**Listed entries**

lemma weighted_poly_sum_jacobi: "weighted_poly_sum A B 0 (\<lambda>t. jweight A B t * jacobiP A B i t)"
proof -
  define p where "p = (\<Sum>s = 0..i. smult (((real i + A) gchoose s) * ((real i + B) gchoose (i - s)))
                   ([:-1, 1:] ^ (i - s) * [:0, 1:] ^ s))"
  have "(\<lambda>t. jweight A B t * jacobiP A B i t) = weighted_poly_term A B p 0 0"
    by (simp add: fun_eq_iff p_def jweight_def jacobiP_def weighted_poly_term_def
        poly_sum poly_power algebra_simps)
  then show ?thesis by (simp add: weighted_poly_sum.basic)
qed

lemma higher_deriv_weighted_poly_sum:
  assumes "weighted_poly_sum A B 0 F"
  obtains g where "weighted_poly_sum A B j g" "\<And>t. t \<in> {0<..<1} \<Longrightarrow> (deriv ^^ j) F t = g t"
proof (induction j arbitrary: thesis)
  case 0
  show ?case using assms by (intro 0) auto
next
  case (Suc j)
  obtain g where g: "weighted_poly_sum A B j g" "\<And>t. t \<in> {0<..<1} \<Longrightarrow> (deriv ^^ j) F t = g t"
    using Suc.IH by blast
  obtain g' where g': "weighted_poly_sum A B (Suc j) g'"
    "\<And>t. t \<in> {0<..<1} \<Longrightarrow> (g has_real_derivative g' t) (at t)"
    using weighted_poly_sum_has_derivative[OF g(1)] by blast
  have "((deriv ^^ j) F has_real_derivative g' t) (at t)" if t: "t \<in> {0<..<1}" for t
    by (rule has_field_derivative_transform_within_open[OF g'(2)[OF t] _ t]) (use g(2) in auto)
  then show ?case by (intro Suc.prems[OF g'(1)]) (simp add: DERIV_imp_deriv)
qed

lemma higher_deriv_weighted_poly_sum_has_derivative:
  assumes "weighted_poly_sum A B 0 F" "t \<in> {0<..<1}"
  shows "((deriv ^^ j) F has_real_derivative (deriv ^^ Suc j) F t) (at t)"
proof -
  obtain g g' where g: "weighted_poly_sum A B (Suc j) g'"
      "\<And>t. t \<in> {0<..<1} \<Longrightarrow> (deriv ^^ j) F t = g t"
      "\<And>t. t \<in> {0<..<1} \<Longrightarrow> (g has_real_derivative g' t) (at t)"
    by (metis higher_deriv_weighted_poly_sum[OF assms(1)] weighted_poly_sum_has_derivative)
  have "((deriv ^^ j) F has_real_derivative g' t) (at t)"
    by (rule has_field_derivative_transform_within_open[OF g(3)[OF assms(2)] _ assms(2)])
       (use g(2) in auto)
  then show ?thesis by (simp add: DERIV_imp_deriv)
qed

lemma higher_deriv_weighted_poly_sum_tendsto_0:
  assumes "weighted_poly_sum A B 0 F" "real j < A" "real j < B"
  shows "((deriv ^^ j) F \<longlongrightarrow> 0) (at_right 0)" "((deriv ^^ j) F \<longlongrightarrow> 0) (at_left 1)"
proof -
  obtain g where g: "weighted_poly_sum A B j g" "\<And>t. t \<in> {0<..<1} \<Longrightarrow> (deriv ^^ j) F t = g t"
    using higher_deriv_weighted_poly_sum[OF assms(1)] by blast
  have "\<forall>\<^sub>F t in at_right 0. g t = (deriv ^^ j) F t" "\<forall>\<^sub>F t in at_left 1. g t = (deriv ^^ j) F t"
    using g(2) by (auto intro: eventually_at_rightI[of _ 1] eventually_at_leftI[of 0])
  then show "((deriv ^^ j) F \<longlongrightarrow> 0) (at_right 0)" "((deriv ^^ j) F \<longlongrightarrow> 0) (at_left 1)"
    using weighted_poly_sum_tendsto_0[OF g(1) assms(2,3)] tendsto_cong by blast+
qed

lemma continuous_on_jacobi_kernel: "continuous_on {0<..<1} (jacobi_kernel n N \<mu> \<kappa> \<xi> \<beta> T)"
proof -
  have cont: "continuous_on {0<..<1} ((deriv ^^ n) F)" if "weighted_poly_sum A B 0 F" for A B F
    using higher_deriv_weighted_poly_sum_has_derivative[OF that] DERIV_isCont
    by (blast intro: continuous_at_imp_continuous_on)
  show ?thesis
    unfolding jacobi_kernel_def [abs_def]
    by (intro continuous_intros cont[OF weighted_poly_sum_jacobi])
qed

definition ibp_primitive :: "nat \<Rightarrow> (real \<Rightarrow> real) \<Rightarrow> real poly \<Rightarrow> real \<Rightarrow> real" where
  "ibp_primitive n F q t = (\<Sum>k<n. (-1) ^ k * (deriv ^^ (n - 1 - k)) F t * poly ((pderiv ^^ k) q) t)"

lemma ibp_primitive_has_derivative:
  assumes F: "weighted_poly_sum A B 0 F" and q: "degree q < n" and t: "t \<in> {0<..<1}"
  shows "(ibp_primitive n F q has_real_derivative (deriv ^^ n) F t * poly q t) (at t)"
proof -
  let ?T = "\<lambda>k. (-1) ^ k * (deriv ^^ (n - k)) F t * poly ((pderiv ^^ k) q) t"
  have "((\<lambda>t. (-1) ^ k * (deriv ^^ (n - 1 - k)) F t * poly ((pderiv ^^ k) q) t) has_real_derivative
           ?T k - ?T (Suc k)) (at t)" if k: "k < n" for k
  proof -
    have e: "Suc (n - 1 - k) = n - k" using k by simp
    have h1: "((deriv ^^ (n - 1 - k)) F has_real_derivative (deriv ^^ (n - k)) F t) (at t)"
      using higher_deriv_weighted_poly_sum_has_derivative[OF F t, of "n - 1 - k"] unfolding e .
    have h2: "((\<lambda>t. poly ((pderiv ^^ k) q) t) has_real_derivative poly ((pderiv ^^ Suc k) q) t) (at t)"
      using poly_DERIV[of "(pderiv ^^ k) q" t] by simp
    have e2: "n - Suc k = n - 1 - k" by simp
    show ?thesis
      using DERIV_mult[OF DERIV_cmult[OF h1, of "(-1) ^ k"] h2] unfolding e2 by (simp add: field_simps)
  qed
  then have "(ibp_primitive n F q has_real_derivative (\<Sum>k<n. ?T k - ?T (Suc k))) (at t)"
    unfolding ibp_primitive_def [abs_def] by (intro DERIV_sum) auto
  moreover have "(\<Sum>k<n. ?T k - ?T (Suc k)) = (deriv ^^ n) F t * poly q t"
    using higher_pderiv_eq_0_of_degree_less[OF q]
    by (subst sum_lessThan_telescope') (simp only: poly_0 mult_zero_right diff_zero power_0 mult_1 funpow_0)
  ultimately show ?thesis by simp
qed

lemma ibp_primitive_tendsto_0:
  assumes F: "weighted_poly_sum A B 0 F" and "real n < A + 1" "real n < B + 1"
  shows "(ibp_primitive n F q \<longlongrightarrow> 0) (at_right 0)" "(ibp_primitive n F q \<longlongrightarrow> 0) (at_left 1)"
proof -
  have l: "((deriv ^^ (n - 1 - k)) F \<longlongrightarrow> 0) (at_right 0)" "((deriv ^^ (n - 1 - k)) F \<longlongrightarrow> 0) (at_left 1)"
    if "k < n" for k
    using higher_deriv_weighted_poly_sum_tendsto_0[OF F, of "n - 1 - k"] assms that by auto
  have "((\<lambda>t. \<Sum>k<n. (-1) ^ k * (deriv ^^ (n - 1 - k)) F t * poly ((pderiv ^^ k) q) t) \<longlongrightarrow>
          (\<Sum>k<n. (-1) ^ k * 0 * poly ((pderiv ^^ k) q) 0)) (at_right 0)"
    by (intro tendsto_sum tendsto_mult tendsto_const tendsto_poly) (use l in auto)
  moreover have "((\<lambda>t. \<Sum>k<n. (-1) ^ k * (deriv ^^ (n - 1 - k)) F t * poly ((pderiv ^^ k) q) t) \<longlongrightarrow>
          (\<Sum>k<n. (-1) ^ k * 0 * poly ((pderiv ^^ k) q) 1)) (at_left 1)"
    by (intro tendsto_sum tendsto_mult tendsto_const tendsto_poly) (use l in auto)
  ultimately show "(ibp_primitive n F q \<longlongrightarrow> 0) (at_right 0)" "(ibp_primitive n F q \<longlongrightarrow> 0) (at_left 1)"
    unfolding ibp_primitive_def [abs_def] by simp_all
qed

**About this task**
Please count the lines in the material above that hold "case", and state only the number.

**The answer**
4